Time-aware training helps reduce data leakage by applying specialized data processing to the training data. This processing allows machine learning algorithms to better interpret the data, and the predictive context, as dependent on a specific date or time dimension.
To train time-aware models, you need a column in your training dataset that contains date or timestamp data. This column is the date index that is used to sort the dataset prior to training. For more information about the date index, see Date index requirements.
When to use it
Time-aware model training is ideal for models that are forecasting changes over a time metric that is already present in the training. For example:
-
You want to predict your sales for next month, and you have a Transaction Date column in your dataset.
-
You want to predict metrics on late shipping deliveries, and you have a Delivered Date column in your dataset.
Considerations
Depending on your use case, time-aware model training could help you build better models. In other cases, you might see better results with the default training process provided by AutoML. Generally, if your data depends on a specific time-based column in a significant way, it is recommended that you use time-aware model training.
In Qlik AutoML, time-aware training does not perform automated feature engineering to generate lagging features for time series problems. For time-based use cases that require feature engineering, it is recommended that you perform any required feature engineering during the dataset preparation stage.
How does time-aware training work
A common problem in machine learning is finding a way to make sure models are trained only on information that would be available at the time of training. If your training data contains prominent data and time information, this information can be used to help prevent data leakage.
Date index requirements
To activate time-aware training, you need to have a column in your dataset that contains the date and time information on which the model training depends. You select the column when configuring model optimization for the training.

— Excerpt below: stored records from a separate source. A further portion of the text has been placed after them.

(* Let $H$ be a Hilbert space, $A,B$ strictly positive bounded operators on $H$, $\lambda>0$, $\mu\in\mathbb{R}$ and $k\in\{0,1,2,\dots\}$. Then, in the operator order, (1) $S_{\mu-(k+1)\lambda}(A|B)\le \tilde T_{\mu,k+1,-\lambda}(A|B)\le S_{\mu-k\lambda}(A|B)$; (2) $S_{\mu+k\lambda}(A|B)\le \tilde T_{\mu,k+1,\lambda}(A|B)\le S_{\mu+(k+1)\lambda}(A|B)$.
   Context: A bounded operator $T$ on $H$ is strictly positive ($T>0$) if $(Tx,x)\ge0$ for all $x$ and $T$ is invertible; $X\le Y$ means $((Y-X)x,x)\ge 0$ for all $x$. Powers and $\log$ of strictly positive operators are defined by functional calculus. For $A>0$, $B>0$ and $\nu\in\mathbb{R}$: $A\natural_\nu B=A^{1/2}(A^{-1/2}BA^{-1/2})^{\nu}A^{1/2}$, and the generalized relative operator entropy is $S_\nu(A|B)=A^{1/2}(A^{-1/2}BA^{-1/2})^{\nu}(\log A^{-1/2}BA^{-1/2})A^{1/2}$. For $\lambda,\mu\in\mathbb{R}$, $\lambda\ne 0$, $k\in\mathbb{Z}$, the generalized Tsallis relative operator entropy is $\tilde T_{\mu,k,\lambda}(A|B)=\dfrac{A\natural_{\mu+k\lambda}B-A\natural_{\mu+(k-1)\lambda}B}{\lambda}$. *)

theory Defs
  imports "HOL-Analysis.Analysis" "HOL-Computational_Algebra.Polynomial"
begin

(* Bounded operators on a real Hilbert space 'a (class real_inner + complete_space)
  are represented by the library type  'a \<Rightarrow>\<^sub>L 'a  (bounded linear functions). *)

definition op_invertible :: "('a::real_normed_vector \<Rightarrow>\<^sub>L 'a) \<Rightarrow> bool" where
  "op_invertible T \<longleftrightarrow> (\<exists>S. S o\<^sub>L T = id_blinfun \<and> T o\<^sub>L S = id_blinfun)"

definition self_adjoint :: "('a::real_inner \<Rightarrow>\<^sub>L 'a) \<Rightarrow> bool" where
  "self_adjoint T \<longleftrightarrow> (\<forall>x y. inner (T x) y = inner x (T y))"

definition op_le :: "('a::real_inner \<Rightarrow>\<^sub>L 'a) \<Rightarrow> ('a \<Rightarrow>\<^sub>L 'a) \<Rightarrow> bool" where
  "op_le X Y \<longleftrightarrow> (\<forall>x. inner ((Y - X) x) x \<ge> 0)"

(* Strictly positive: positive, (self-adjoint, automatic over complex scalars) and invertible. *)
definition strictly_positive :: "('a::real_inner \<Rightarrow>\<^sub>L 'a) \<Rightarrow> bool" where
  "strictly_positive T \<longleftrightarrow> self_adjoint T \<and> (\<forall>x. inner (T x) x \<ge> 0) \<and> op_invertible T"

fun op_pow :: "('a::real_normed_vector \<Rightarrow>\<^sub>L 'a) \<Rightarrow> nat \<Rightarrow> ('a \<Rightarrow>\<^sub>L 'a)" where
  "op_pow T 0 = id_blinfun"
| "op_pow T (Suc n) = T o\<^sub>L op_pow T n"

definition poly_op :: "real poly \<Rightarrow> ('a::real_normed_vector \<Rightarrow>\<^sub>L 'a) \<Rightarrow> ('a \<Rightarrow>\<^sub>L 'a)" where
  "poly_op p T = (\<Sum>i\<le>degree p. coeff p i *\<^sub>R op_pow T i)"

definition op_spectrum :: "('a::real_normed_vector \<Rightarrow>\<^sub>L 'a) \<Rightarrow> real set" where
  "op_spectrum T = {z. \<not> op_invertible (T - z *\<^sub>R id_blinfun)}"

(* Continuous functional calculus: f(T) is the norm limit of p(T) for polynomials p
  converging uniformly to f on the spectrum of T (Weierstrass construction). *)
definition cfc :: "(real \<Rightarrow> real) \<Rightarrow> ('a::real_normed_vector \<Rightarrow>\<^sub>L 'a) \<Rightarrow> ('a \<Rightarrow>\<^sub>L 'a)" where
  "cfc f T = (THE L. \<forall>\<epsilon>>0. \<exists>\<delta>>0. \<forall>p.
      (\<forall>t\<in>op_spectrum T. \<bar>f t - poly p t\<bar> < \<delta>) \<longrightarrow> norm (L - poly_op p T) < \<epsilon>)"

definition op_powr :: "('a::real_normed_vector \<Rightarrow>\<^sub>L 'a) \<Rightarrow> real \<Rightarrow> ('a \<Rightarrow>\<^sub>L 'a)" where
  "op_powr T \<nu> = cfc (\<lambda>t. t powr \<nu>) T"

definition op_log :: "('a::real_normed_vector \<Rightarrow>\<^sub>L 'a) \<Rightarrow> ('a \<Rightarrow>\<^sub>L 'a)" where
  "op_log T = cfc ln T"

To use a column as the date index in your training, the column must have all of the following:
-
Full dates. For example, columns consisting of month or day values cannot be used.
-
The date or timestamp data type.
-
The date feature type.
Holdout and cross-validation
When choosing how the data is separated for the holdout and cross-validation process, methods of random selection can introduce future data into the model training. When you activate time-aware training, AutoML instead uses the following process:
-
The training dataset is sorted along your selected index column before it is separated into training and holdout data.
-
Each iteration of the training uses a fixed test size and a gradually increasing training size. With each iteration, the data becomes more and more recent.
For full details, see Time-based cross-validation.
Other processing
Time-aware model training also uses other processes that are different from the default training processes. For example, time-aware training uses a modified process for null imputation. For more information, see Imputation of nulls.
Turning on time-aware training
Time-aware model training can be turned on or off, or reconfigured, for each version you run in an experiment.
Do the following:
-
In an experiment, click View configuration.
-
If you have already run at least one version of the experiment, click New version.
-
In the panel, expand Model optimization.
-
Under Time-based test-train split, select the Date index to use for sorting the data.
You can change the time-aware training during model refinement. For example, you can turn the setting off, or select a new column as the date index. For more information, see Refining models.